section \<open>The discretised ball\<close>

lemma uniform_grid_floor:
  fixes t \<gamma> :: real
  assumes \<gamma>: "\<gamma> > 0" and a: "a \<ge> 1" and t: "0 \<le> t" "t \<le> \<gamma>"
  obtains j :: nat where "j \<le> a" "real j * \<gamma> / real a \<le> t" "t - real j * \<gamma> / real a \<le> \<gamma> / real a"
proof
  define u where "u = t * real a / \<gamma>"
  have u: "0 \<le> u" "u \<le> real a" "t = u * \<gamma> / real a" using \<gamma> a t by (auto simp: u_def field_simps)
  have j: "real (nat \<lfloor>u\<rfloor>) = of_int \<lfloor>u\<rfloor>" using u by simp
  show "nat \<lfloor>u\<rfloor> \<le> a" using u(2) by linarith
  show "real (nat \<lfloor>u\<rfloor>) * \<gamma> / real a \<le> t"
    unfolding j u(3) using \<gamma> a by (intro divide_right_mono mult_right_mono) auto
  have "t - real (nat \<lfloor>u\<rfloor>) * \<gamma> / real a = (u - of_int \<lfloor>u\<rfloor>) * \<gamma> / real a"
    unfolding j u(3) by (simp add: diff_divide_distrib left_diff_distrib)
  also have "\<dots> \<le> 1 * \<gamma> / real a"
    using \<gamma> a by (intro divide_right_mono mult_right_mono) linarith+
  finally show "t - real (nat \<lfloor>u\<rfloor>) * \<gamma> / real a \<le> \<gamma> / real a" by simp
qed

lemma sigma_net_grid_approx:
  fixes v :: "'a::euclidean_space"
  assumes net: "sigma_net (sphere 0 1) sg Es" and \<gamma>: "\<gamma> > 0" and a: "a \<ge> 1" and v: "norm v \<le> \<gamma>"
  obtains j l where "j \<le> a" "l \<in> Es" "real j * \<gamma> / real a \<le> norm v"
    "norm (v - (real j * \<gamma> / real a) *\<^sub>R l) \<le> \<gamma> / real a + \<gamma> * sg"
proof -
  obtain u where u: "norm u = 1" "v = norm v *\<^sub>R u"
  proof (cases "v = 0")
    case True
    obtain e :: 'a where "norm e = 1" using vector_choose_size[of 1] by auto
    with True show ?thesis using that by auto
  next
    case False
    then show ?thesis using that[of "v /\<^sub>R norm v"] by simp
  qed
  have "u \<in> sphere 0 1" using u(1) by simp
  then obtain l where l: "l \<in> Es" "dist u l \<le> sg" using net unfolding sigma_net_def by blast
  have sg: "sg \<ge> 0" using l(2) zero_le_dist order_trans by blast
  obtain j where j: "j \<le> a" "real j * \<gamma> / real a \<le> norm v" "norm v - real j * \<gamma> / real a \<le> \<gamma> / real a"
    using uniform_grid_floor[OF \<gamma> a norm_ge_zero v] .
  define z where "z = real j * \<gamma> / real a"
  have z: "0 \<le> z" "z \<le> \<gamma>" using \<gamma> j(2) v by (auto simp: z_def)
  have "v - z *\<^sub>R l = (norm v - z) *\<^sub>R u + z *\<^sub>R (u - l)"
    by (subst u(2)) (simp add: algebra_simps)
  then have "norm (v - z *\<^sub>R l) \<le> (norm v - z) + z * dist u l"
    using norm_triangle_ineq[of "(norm v - z) *\<^sub>R u" "z *\<^sub>R (u - l)"] u(1) z j(2)
    by (simp add: dist_norm z_def)
  also have "\<dots> \<le> \<gamma> / real a + \<gamma> * sg"
    using j(3) mult_mono[OF z(2) l(2) \<gamma>[THEN less_imp_le] zero_le_dist] by (simp add: z_def)
  finally show ?thesis using that j l(1) by (simp add: z_def)
qed

lemma disc_ball_subset_Lp_ball:
  assumes Om: "Om \<in> lmeasurable" and p: "p > 0" and r: "r \<ge> 0" and \<gamma>: "\<gamma> \<ge> 0"
    and part: "Delta_partition Om D N P" and net: "Es \<subseteq> sphere 0 1"
  shows "disc_ball p Om r N P \<gamma> a Es \<subseteq> Lp_ball p Om r"
proof
  fix y assume "y \<in> disc_ball p Om r N P \<gamma> a Es"
  then obtain j l where jl: "\<And>i. i < N \<Longrightarrow> l i \<in> Es \<and> (\<forall>s\<in>P i. y s = (real (j i) * \<gamma> / real a) *\<^sub>R l i)"
    and sum: "(\<Sum>i<N. measure lebesgue (P i) * (real (j i) * \<gamma> / real a) powr p) \<le> r powr p"
    unfolding disc_ball_def by blast
  let ?L = "lebesgue_on Om"
  define z where "z i = real (j i) * \<gamma> / real a" for i
  interpret finite_measure ?L using Om by (rule finite_measure_lebesgue_on)
  have cells: "P i \<in> sets ?L" if "i < N" for i using part that by (rule Delta_partition_sets_lebesgue_on)
  have l_norm: "norm (l i) = 1" if "i < N" for i using jl[OF that] net by auto
  have norm_y: "norm (y s) powr p = (\<Sum>i<N. indicator (P i) s *\<^sub>R z i powr p)" if "s \<in> Om" for s
    using jl l_norm \<gamma> by (intro Delta_partition_piecewise[OF part that]) (auto simp: z_def)
  have y_int: "integrable ?L (\<lambda>s. norm (y s) powr p)"
  proof (subst Bochner_Integration.integrable_cong[OF refl norm_y])
    show "integrable ?L (\<lambda>s. \<Sum>i<N. indicator (P i) s *\<^sub>R z i powr p)"
      using cells by (intro Bochner_Integration.integrable_sum integrable_mult_indicator) auto
  qed simp
  have y_meas: "y \<in> borel_measurable ?L"
  proof (rule measurable_cong[THEN iffD1])
    show "(\<lambda>s. \<Sum>i<N. indicator (P i) s *\<^sub>R (real (j i) * \<gamma> / real a) *\<^sub>R l i) \<in> borel_measurable ?L"
      using cells by (intro borel_measurable_sum borel_measurable_scaleR) auto
    show "(\<Sum>i<N. indicator (P i) s *\<^sub>R (real (j i) * \<gamma> / real a) *\<^sub>R l i) = y s" if "s \<in> space ?L" for s
      using jl that by (intro Delta_partition_piecewise[OF part, symmetric]) auto
  qed
  have "(\<integral>s. norm (y s) powr p \<partial>?L) = (\<Sum>i<N. measure lebesgue (P i) * z i powr p)"
  proof -
    have "(\<integral>s. norm (y s) powr p \<partial>?L) = (\<Sum>i<N. LINT s:P i|?L. norm (y s) powr p)"
      by (rule Delta_partition_sum_set_integral[OF part y_int, symmetric])
    also have "\<dots> = (\<Sum>i<N. LINT s:P i|?L. z i powr p)"
      using jl l_norm \<gamma> unfolding set_lebesgue_integral_def
      by (intro sum.cong Bochner_Integration.integral_cong) (auto simp: indicator_def z_def)
    also have "\<dots> = (\<Sum>i<N. measure lebesgue (P i) * z i powr p)"
      using cells emeasure_finite Delta_partition_measure[OF part]
      by (intro sum.cong) (auto simp: set_integral_const top_unique)
    finally show ?thesis .
  qed
  also have "\<dots> \<le> r powr p" using sum p by (simp add: z_def)
  finally have "Lp_norm p Om y \<le> (r powr p) powr (1 / p)"
    unfolding Lp_norm_def using p by (intro powr_mono2) (auto intro: integral_nonneg_AE)
  also have "\<dots> = r" using r p by (simp add: powr_powr)
  finally show "y \<in> Lp_ball p Om r"
    unfolding Lp_ball_def Lp_space_def using y_meas y_int by auto
qed

lemma disc_ball_approx:
  fixes x :: "'k::euclidean_space \<Rightarrow> real^'n"
  assumes Om: "Om \<in> lmeasurable" and p: "p > 1" and \<gamma>: "\<gamma> > 0" and a: "a \<ge> 1"
    and part: "Delta_partition Om D N P" and net: "sigma_net (sphere 0 1) sg Es"
    and x: "x \<in> Lp_ball p Om r"
  obtains y c where "y \<in> disc_ball p Om r N P \<gamma> a Es"
    and "\<And>i s. i < N \<Longrightarrow> s \<in> P i \<Longrightarrow> y s = c i"
    and "\<And>i. i < N \<Longrightarrow> norm (set_average (lebesgue_on Om) (P i) (truncation \<gamma> x) - c i) \<le> \<gamma> / real a + \<gamma> * sg"
proof -
  let ?L = "lebesgue_on Om"
  let ?xg = "truncation \<gamma> x"
  define v where "v i = set_average ?L (P i) ?xg" for i
  have fin: "finite_measure ?L" using Om by (rule finite_measure_lebesgue_on)
  have cells: "P i \<in> sets ?L" if "i < N" for i using part that by (rule Delta_partition_sets_lebesgue_on)
  have x_meas: "x \<in> borel_measurable ?L" and x_int: "integrable ?L (\<lambda>s. norm (x s) powr p)"
    and x_le: "(\<integral>s. norm (x s) powr p \<partial>?L) \<le> r powr p"
    using Lp_ballD[OF x] p by auto
  have v: "norm (v i) \<le> \<gamma>" if "i < N" for i
    unfolding v_def using x_meas \<gamma>
    by (intro norm_set_average_le_bound[OF fin cells[OF that]]) (auto simp: norm_truncation_le)
  have "\<forall>i. \<exists>j l. i < N \<longrightarrow> j \<le> a \<and> l \<in> Es \<and> real j * \<gamma> / real a \<le> norm (v i) \<and>
      norm (v i - (real j * \<gamma> / real a) *\<^sub>R l) \<le> \<gamma> / real a + \<gamma> * sg"
    using sigma_net_grid_approx[OF net \<gamma> a v] by metis
  then obtain j l where jl: "\<And>i. i < N \<Longrightarrow> j i \<le> a \<and> l i \<in> Es \<and> real (j i) * \<gamma> / real a \<le> norm (v i) \<and>
      norm (v i - (real (j i) * \<gamma> / real a) *\<^sub>R l i) \<le> \<gamma> / real a + \<gamma> * sg"
    by metis
  define c where "c i = (real (j i) * \<gamma> / real a) *\<^sub>R l i" for i
  define y where "y s = (if s \<in> Om then \<Sum>i<N. indicator (P i) s *\<^sub>R c i else 0)" for s
  have y: "y s = c i" if "i < N" "s \<in> P i" for i s
    using that Delta_partitionD(2)[OF part that(1)] Delta_partition_sum_indicator_scaleR[OF part that]
    by (auto simp: y_def)
  have "(\<Sum>i<N. measure lebesgue (P i) * (real (j i) * \<gamma> / real a) powr p)
      \<le> (\<Sum>i<N. LINT s:P i|?L. norm (x s) powr p)"
  proof (rule sum_mono)
    fix i assume "i \<in> {..<N}"
    then have i: "i < N" by simp
    have "measure lebesgue (P i) * (real (j i) * \<gamma> / real a) powr p \<le> measure ?L (P i) * norm (v i) powr p"
      unfolding Delta_partition_measure[OF part i]
      using jl[OF i] \<gamma> p by (intro mult_left_mono powr_mono2) auto
    also have "\<dots> \<le> (LINT s:P i|?L. norm (x s) powr p)"
      unfolding v_def by (rule set_average_truncation_powr_le[OF fin cells[OF i] p \<gamma> x_meas x_int])
    finally show "measure lebesgue (P i) * (real (j i) * \<gamma> / real a) powr p \<le> (LINT s:P i|?L. norm (x s) powr p)" .
  qed
  also have "\<dots> \<le> r powr p"
    using Delta_partition_sum_set_integral[OF part x_int] x_le by simp
  finally have sum_le: "(\<Sum>i<N. measure lebesgue (P i) * (real (j i) * \<gamma> / real a) powr p) \<le> r powr p" .
  have "y \<in> disc_ball p Om r N P \<gamma> a Es"
    unfolding disc_ball_def mem_Collect_eq
  proof (intro conjI exI[of _ j] exI[of _ l] allI impI ballI sum_le)
    show "y s = 0" if "s \<notin> Om" for s using that by (simp add: y_def)
    show "y s = (real (j i) * \<gamma> / real a) *\<^sub>R l i" if "i < N" "s \<in> P i" for i s
      using y[OF that] by (simp add: c_def)
  qed (use jl in auto)
  then show thesis
  proof (rule that[OF _ y])
    show "norm (set_average ?L (P i) ?xg - c i) \<le> \<gamma> / real a + \<gamma> * sg" if "i < N" for i
      using jl[OF that] by (simp add: v_def c_def)
  qed
qed
lemma alternates_rep_word_zero:
  assumes "2 \<le> x" "0 < d" "d < 4 * x"
  shows "alternates (rep_word x) 0 d \<longleftrightarrow> d \<in> {1, x, 2 * x, 3 * x, 4 * x - 1}"
proof -
  note interleaving = alternates_iff_interleaved positions_rep_word_explicit interleaved_def
    slot_less_slot le_mod_geq
  obtain q e where d: "d = q * x + e" and "e < x" "q < 4"
  proof
    show "d = d div x * x + d mod x" by simp
    show "d mod x < x" using assms(1) by simp
    show "d div x < 4" using assms(3) by (simp add: less_mult_imp_div_less)
  qed
  then consider "q = 0" | "q = 1" | "q = 2" | "q = 3" "e + 1 < x" | "q = 3" "e + 1 = x"
    by atomize_elim presburger
  then show ?thesis
  proof cases
    case 1
    show ?thesis using assms(1,2) \<open>e < x\<close> unfolding d 1 by (simp add: interleaving; presburger)
  next
    case 2
    show ?thesis using assms(1) \<open>e < x\<close> unfolding d 2 by (simp add: interleaving; presburger)
  next
    case 3
    show ?thesis using assms(1) \<open>e < x\<close> unfolding d 3 by (simp add: interleaving; presburger)
  next
    case 4
    show ?thesis using assms(1) 4(2) unfolding d 4(1) by (simp add: interleaving; presburger)
  next
    case 5
    show ?thesis using assms(1) 5(2) unfolding d 5(1) by (simp add: interleaving; presburger)
  qed
qed

lemma alternates_rep_word_iff_circ_adj:
  assumes "2 \<le> x" "a < 4 * x" "b < 4 * x" "a \<noteq> b"
  shows "alternates (rep_word x) a b \<longleftrightarrow> circ_adj (4 * x) {1, x, 2 * x} a b"
proof -
  define d where "d = (b + 4 * x - a) mod (4 * x)"
  have "0 < d" "d < 4 * x"
    using assms by (auto simp: d_def add_diff_mod_eq)
  have "alternates (rep_word x) a b \<longleftrightarrow> alternates (rep_word x) 0 d"
    unfolding d_def using assms by (simp add: alternates_rep_word_translate)
  also have "\<dots> \<longleftrightarrow> d \<in> {1, x, 2 * x, 3 * x, 4 * x - 1}"
    using assms(1) \<open>0 < d\<close> \<open>d < 4 * x\<close> by (rule alternates_rep_word_zero)
  also have "\<dots> \<longleftrightarrow> circ_adj (4 * x) {1, x, 2 * x} 0 d"
    using \<open>0 < d\<close> \<open>d < 4 * x\<close> by (auto simp: circ_adj_def min_def)
  also have "\<dots> \<longleftrightarrow> circ_adj (4 * x) {1, x, 2 * x} a b"
    unfolding d_def using circ_adj_translate[OF assms(2,3)] by simp
  finally show ?thesis .
qed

□ □ □ □ □

All lines in the data above from the one with "fix i assume" through the one with "(simp add: y_def)" must be repeated exactly, and no others.

    fix i assume "i \<in> {..<N}"
    then have i: "i < N" by simp
    have "measure lebesgue (P i) * (real (j i) * \<gamma> / real a) powr p \<le> measure ?L (P i) * norm (v i) powr p"
      unfolding Delta_partition_measure[OF part i]
      using jl[OF i] \<gamma> p by (intro mult_left_mono powr_mono2) auto
    also have "\<dots> \<le> (LINT s:P i|?L. norm (x s) powr p)"
      unfolding v_def by (rule set_average_truncation_powr_le[OF fin cells[OF i] p \<gamma> x_meas x_int])
    finally show "measure lebesgue (P i) * (real (j i) * \<gamma> / real a) powr p \<le> (LINT s:P i|?L. norm (x s) powr p)" .
  qed
  also have "\<dots> \<le> r powr p"
    using Delta_partition_sum_set_integral[OF part x_int] x_le by simp
  finally have sum_le: "(\<Sum>i<N. measure lebesgue (P i) * (real (j i) * \<gamma> / real a) powr p) \<le> r powr p" .
  have "y \<in> disc_ball p Om r N P \<gamma> a Es"
    unfolding disc_ball_def mem_Collect_eq
  proof (intro conjI exI[of _ j] exI[of _ l] allI impI ballI sum_le)
    show "y s = 0" if "s \<notin> Om" for s using that by (simp add: y_def)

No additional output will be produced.